In a paper commissioned by the Treasury, Jeffrey Frankel has argued that the bank could intervene to dampen appreciation without having to peg the exchange rate.

The authors cite a study showing that countries that intervene in exchange rates have higher growth rates in one to three years after the intervention. The study also shows that export growth is stimulated by intervention in the previous four years.

Foreign reserves

One way for the bank to intervene is to build foreign exchange reserves. Frankel acknowledges that South Africa has significantly increased foreign reserves compared with “disastrously low levels” in 1997 but the ratio of reserves to imports is less than two months’ worth.

Oil prices

The authors also recommend that the bank should exclude oil prices from the targeted inflation indicator. The danger is that when the dollar price of oil rises, the bank will appreciate the currency when it tightens interest rates. This would mean targeting core inflation (consumer prices less oil prices) rather than CPI (consumer inflation) or CPIX (consumer inflation less mortgage prices).

Capital controls

Capital controls can consist of direct controls prohibiting cross-border capital transactions or an approval procedure for such transactions. Indirect controls attempt to discourage certain capital movements by increasing the costs of the transaction, for example, by taxing the capital flows of imposing multiple exchange rate systems.

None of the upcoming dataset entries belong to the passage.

(* Let $\Omega$ be an infinite set, $A$ a partition of $\Omega$, $S=\mathrm{Sym}(\Omega)$, $G=S_{(A)}$, and $\kappa$ an infinite regular cardinal with $\kappa\le|\Omega|$. Then: (a) if some member of $A$ has cardinality $\ge\kappa$, there is no $\kappa$-uncrowded generalized metric on $\Omega$ with respect to which all members of $G$ are bounded; (b) if all members of $A$ have cardinality $<\kappa$ but there is no common bound $\lambda<\kappa$ for these cardinalities, then there is a $\kappa$-uncrowded generalized metric on $\Omega$ with respect to which all elements of $G$ are bounded, but no uniformly $\kappa$-uncrowded generalized metric with this property; (c) if all members of $A$ have cardinality $\le\lambda$ for some $\lambda<\kappa$, then there is a uniformly $\kappa$-uncrowded generalized metric with respect to which all elements of $G$ are bounded. Consequently, for partitions $A,B$ of $\Omega$ falling under distinct cases among (a), (b), (c), $S_{(A)}\not\approx_\kappa S_{(B)}$; more precisely, if $A$ falls under a later case than $B$, then $S_{(B)}\not\preccurlyeq_\kappa S_{(A)}$.
   Context: $\mathrm{Sym}(\Omega)$ is the group of all permutations of $\Omega$, acting on the right. For a partition $A$ of $\Omega$ (a set of disjoint nonempty subsets with union $\Omega$), $S_{(A)}=\{f\in S:\Sigma f=\Sigma\ \forall\Sigma\in A\}$. Let $P=\{r\in\mathbb R:r\ge0\}\cup\{\infty\}$. A generalized metric on $\Omega$ is $d:\Omega\times\Omega\to P$ satisfying the usual metric axioms. $B_d(\alpha,r)=\{\beta:d(\alpha,\beta)<r\}$. $d$ is $\kappa$-uncrowded if $|B_d(\alpha,r)|<\kappa$ for all $\alpha$ and all $r<\infty$; uniformly $\kappa$-uncrowded if for every $r<\infty$ there is $\lambda<\kappa$ with $|B_d(\alpha,r)|\le\lambda$ for all $\alpha$. For $g\in S$, $\|g\|_d=\sup_\alpha d(\alpha,\alpha g)$; $g$ is bounded if $\|g\|_d<\infty$. For subgroups $G_1,G_2\le S$, $G_1\preccurlyeq_\kappa G_2$ means there is $U\subseteq S$, $|U|<\kappa$, with $G_1\le\langle G_2\cup U\rangle$; $G_1\approx_\kappa G_2$ means both directions hold. *)

theory Defs
  imports Complex_Main "HOL-Library.Extended_Nonnegative_Real" "HOL-Library.Disjoint_Sets"
begin

unbundle cardinal_syntax

text \<open>Omega is the universe of the type 'a.
  Cardinals are represented as cardinal-order relations (BNF cardinals of Main);
  |X| is the cardinal of the set X, <o and \<le>o compare cardinals.\<close>

definition Sym :: "('a \<Rightarrow> 'a) set" where
  "Sym = {f. bij f}"

definition stab :: "'a set set \<Rightarrow> ('a \<Rightarrow> 'a) set" where
  "stab A = {f \<in> Sym. \<forall>X\<in>A. f ` X = X}"

inductive_set gen_perm :: "('a \<Rightarrow> 'a) set \<Rightarrow> ('a \<Rightarrow> 'a) set" for X where
  gen_id: "id \<in> gen_perm X"
| gen_base: "f \<in> X \<Longrightarrow> f \<in> gen_perm X"
| gen_comp: "f \<in> gen_perm X \<Longrightarrow> g \<in> gen_perm X \<Longrightarrow> f \<circ> g \<in> gen_perm X"
| gen_inv: "f \<in> gen_perm X \<Longrightarrow> inv f \<in> gen_perm X"

definition gen_metric :: "('a \<Rightarrow> 'a \<Rightarrow> ennreal) \<Rightarrow> bool" where
  "gen_metric d \<longleftrightarrow> (\<forall>x y. d x y = 0 \<longleftrightarrow> x = y) \<and> (\<forall>x y. d x y = d y x)
     \<and> (\<forall>x y z. d x z \<le> d x y + d y z)"

definition ball_d :: "('a \<Rightarrow> 'a \<Rightarrow> ennreal) \<Rightarrow> 'a \<Rightarrow> ennreal \<Rightarrow> 'a set" where
  "ball_d d x r = {y. d x y < r}"

definition uncrowded :: "'b rel \<Rightarrow> ('a \<Rightarrow> 'a \<Rightarrow> ennreal) \<Rightarrow> bool" where
  "uncrowded k d \<longleftrightarrow> (\<forall>x r. r < \<infinity> \<longrightarrow> |ball_d d x r| <o k)"

text \<open>cardinals \<lambda> < \<kappa> \<le> |Omega| are represented as |L| for L a set of type 'a\<close>
definition unif_uncrowded :: "'b rel \<Rightarrow> ('a \<Rightarrow> 'a \<Rightarrow> ennreal) \<Rightarrow> bool" where
  "unif_uncrowded k d \<longleftrightarrow>
     (\<forall>r. r < \<infinity> \<longrightarrow> (\<exists>L::'a set. |L| <o k \<and> (\<forall>x. |ball_d d x r| \<le>o card_of L)))"

definition norm_d :: "('a \<Rightarrow> 'a \<Rightarrow> ennreal) \<Rightarrow> ('a \<Rightarrow> 'a) \<Rightarrow> ennreal" where
  "norm_d d g = (SUP x. d x (g x))"

definition bounded_perm :: "('a \<Rightarrow> 'a \<Rightarrow> ennreal) \<Rightarrow> ('a \<Rightarrow> 'a) \<Rightarrow> bool" where
  "bounded_perm d g \<longleftrightarrow> norm_d d g < \<infinity>"

definition preceq_k :: "'b rel \<Rightarrow> ('a \<Rightarrow> 'a) set \<Rightarrow> ('a \<Rightarrow> 'a) set \<Rightarrow> bool" where
  "preceq_k k G1 G2 \<longleftrightarrow> (\<exists>U. U \<subseteq> Sym \<and> |U| <o k \<and> G1 \<subseteq> gen_perm (G2 \<union> U))"

definition approx_k :: "'b rel \<Rightarrow> ('a \<Rightarrow> 'a) set \<Rightarrow> ('a \<Rightarrow> 'a) set \<Rightarrow> bool" where
  "approx_k k G1 G2 \<longleftrightarrow> preceq_k k G1 G2 \<and> preceq_k k G2 G1"

definition case_a :: "'b rel \<Rightarrow> 'a set set \<Rightarrow> bool" where
  "case_a k A \<longleftrightarrow> (\<exists>X\<in>A. k \<le>o card_of X)"

definition case_b :: "'b rel \<Rightarrow> 'a set set \<Rightarrow> bool" where
  "case_b k A \<longleftrightarrow> (\<forall>X\<in>A. |X| <o k) \<and>
     \<not> (\<exists>L::'a set. |L| <o k \<and> (\<forall>X\<in>A. |X| \<le>o card_of L))"

definition case_c :: "'b rel \<Rightarrow> 'a set set \<Rightarrow> bool" where
  "case_c k A \<longleftrightarrow> (\<exists>L::'a set. |L| <o k \<and> (\<forall>X\<in>A. |X| \<le>o card_of L))"

definition case_no :: "'b rel \<Rightarrow> 'a set set \<Rightarrow> nat" where
  "case_no k A = (if case_a k A then 1 else if case_b k A then 2 else 3)"

end

theory Submission
  imports Defs
begin

text \<open>
  Call two points adjacent if they lie in a common block of A or if some u \<in> U maps one to the
  other, and let d be the graph distance. Every element of the group generated by S_(A) and U moves
  each point a bounded distance. Since \<kappa> is regular, a d-ball, being contained in an iterated
  neighbourhood, has fewer than \<kappa> points when the blocks and U are smaller than \<kappa>, and its size
  is bounded uniformly below \<kappa> when the block sizes are bounded by some \<lambda> < \<kappa>.

  Conversely, if d is \<kappa>-uncrowded and some block has at least \<kappa> points, or d is uniformly
  \<kappa>-uncrowded and the block sizes have no bound below \<kappa>, then off any finite set there are two
  points of one block at any prescribed distance. Swapping infinitely many disjoint such pairs at
  distances 0, 1, 2, ... gives an unbounded element of S_(A).

  If S_(B) lies in the group generated by S_(A) and a set U with |U| < \<kappa>, the distance built from
  A and U bounds S_(B); when A falls under a later case than B, this contradicts the negative half
  of the case of B.
\<close>

lemma finite_card_of_ordLess:
  assumes "Card_order k" "infinite (Field k)" "finite A"
  shows "|A| <o k"
  by (rule finite_ordLess_infinite[OF card_of_Well_order card_order_on_well_order_on[OF assms(1)]])
    (simp_all add: Field_card_of assms)

lemma card_of_Times_ordLess_regularCard:
  assumes "Card_order k" "infinite (Field k)" "regularCard k" "|M| <o k" "|K| <o k"
  shows "|M \<times> K| <o k"
proof -
  have "M \<times> K = (\<Union>m\<in>M. Pair m ` K)" by auto
  moreover have "\<forall>m\<in>M. |Pair m ` K| <o k"
    using card_of_image assms(5) ordLeq_ordLess_trans by blast
  ultimately show ?thesis
    using card_of_UNION_ordLess_infinite_Field_regularCard[OF assms(3) _ assms(4)] assms(1,2)
    unfolding cinfinite_def by auto
qed

lemma card_of_copy_into_type:
  fixes X :: "'b set"
  assumes "|X| <o k" "k \<le>o |UNIV :: 'c set|"
  shows "\<exists>M :: 'c set. |M| <o k \<and> |X| \<le>o |M|"
proof -
  obtain f :: "'b \<Rightarrow> 'c" where "inj_on f X"
    using card_of_ordLeq[of X "UNIV :: 'c set"] ordLess_imp_ordLeq ordLeq_transitive assms by blast
  then have "|X| \<le>o |f ` X|" using card_of_ordLeq[of X "f ` X"] by blast
  moreover have "|f ` X| <o k" using card_of_image assms(1) by (rule ordLeq_ordLess_trans)
  ultimately show ?thesis by blast
qed

lemma partition_on_block_eq:
  assumes "partition_on S A" "X \<in> A" "Y \<in> A" "x \<in> X" "x \<in> Y"
  shows "X = Y"
  using disjointD[OF partition_onD2[OF assms(1)] assms(2,3)] assms(4,5) by blast

lemma gen_perm_subset_Sym:
  assumes "X \<subseteq> Sym"
  shows "gen_perm X \<subseteq> Sym"
proof
  fix g assume "g \<in> gen_perm X"
  then show "g \<in> Sym"
    by (induction g rule: gen_perm.induct)
      (use assms in \<open>auto simp: Sym_def bij_imp_bij_inv
        intro: bij_comp[unfolded comp_def] bij_id[unfolded id_def]\<close>)
qed

lemma relpow_sym:
  assumes "sym R" "(x, y) \<in> R ^^ n"
  shows "(y, x) \<in> R ^^ n"
  using assms(2)
proof (induction n arbitrary: x y)
  case (Suc n)
  from Suc.prems obtain z where "(x, z) \<in> R ^^ n" "(z, y) \<in> R" by (rule relpow_Suc_E)
  then show ?case using Suc.IH relpow_Suc_I2 symD[OF assms(1)] by metis
qed simp

lemma relpow_refl_mono:
  assumes "refl R" "m \<le> n" "(x, y) \<in> R ^^ m"
  shows "(x, y) \<in> R ^^ n"
  using assms(2)
proof (induction n rule: dec_induct)
  case (step n)
  then show ?case using relpow_Suc_I reflD[OF assms(1)] by metis
qed (use assms(3) in simp)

Frankel considers capital controls as a way to control exchange rates but argues that this is probably not feasible or desirable for South Africa. He says removing capital controls on residents “could marginally help to weaken the rand”.

In contrast, Wits economist Seeraj Mohamed has written that South Africa should impose capital controls to stabilise the exchange rate and protect itself from speculation.

He points out that most countries around the world used capital controls until the end of the Bretton Woods arrangement in the 1970s. Late industrialising countries, such as India, have successfully used capital controls.

Economic opinion in general, though, favours the abolition of remaining foreign exchange controls as a measure that could release the upward pressure on the rand.

Pieter Laubscher, the chief economist at the Bureau for Economic Research, said that Mboweni appears to have decided not to intervene in the foreign exchange market. This follows the bank’s experience in 1998 when it recorded a deficit on the open account because it sold dollars to avert depreciation.

He also said there were costs associated with building reserves. When a bank takes foreign exchange out of the market, it has to issue bonds to guard against the inflationary impact of selling rands into the market. This “sterilisation” process has monetary costs that have to be balanced by the macro­economic costs of allowing the rand to overvalue.

Laubscher agreed that with hindsight, the bank could have more aggressively built up reserves of foreign exchange to halt the strength of the currency when it dipped below R6 to the dollar.

“People who talk about the costs [of building reserves] maybe look at it a little too narrowly,” said Nedbank’s chief economist Dennis Dykes, pointing out that South East Asian countries lost money in keeping massive reserves, but saw it as part of their strategy to support manufacturing.

Dykes noted that the bank had not always appreciated the rand when the dollar price of oil rose and was only recently citing this as a reason to increase interest rates.

In another paper commissioned by the Treasury, Harvard economist Dani Rodrik argues that the bank will have to develop views about the real exchange rate relating to satisfactory output and employment outcomes and steer exchange rates accordingly. This is necessary to stimulate the non-mineral tradeables sector, which he says is critical to economic and job growth.

Rodrik says that tradeables use low-skilled labour more intensely than sectors that have seen more growth recently, such as services.

Economic modelling by Stewart Ngandu at the Human Sciences Research Council shows that an appreciation of the rand caused by a commodity boom results in increased employment in sectors such as mining and services, but a decline in manufacturing jobs. The net effect is an increase in employment. All sectors experience greater import penetration and lower export levels, except mining.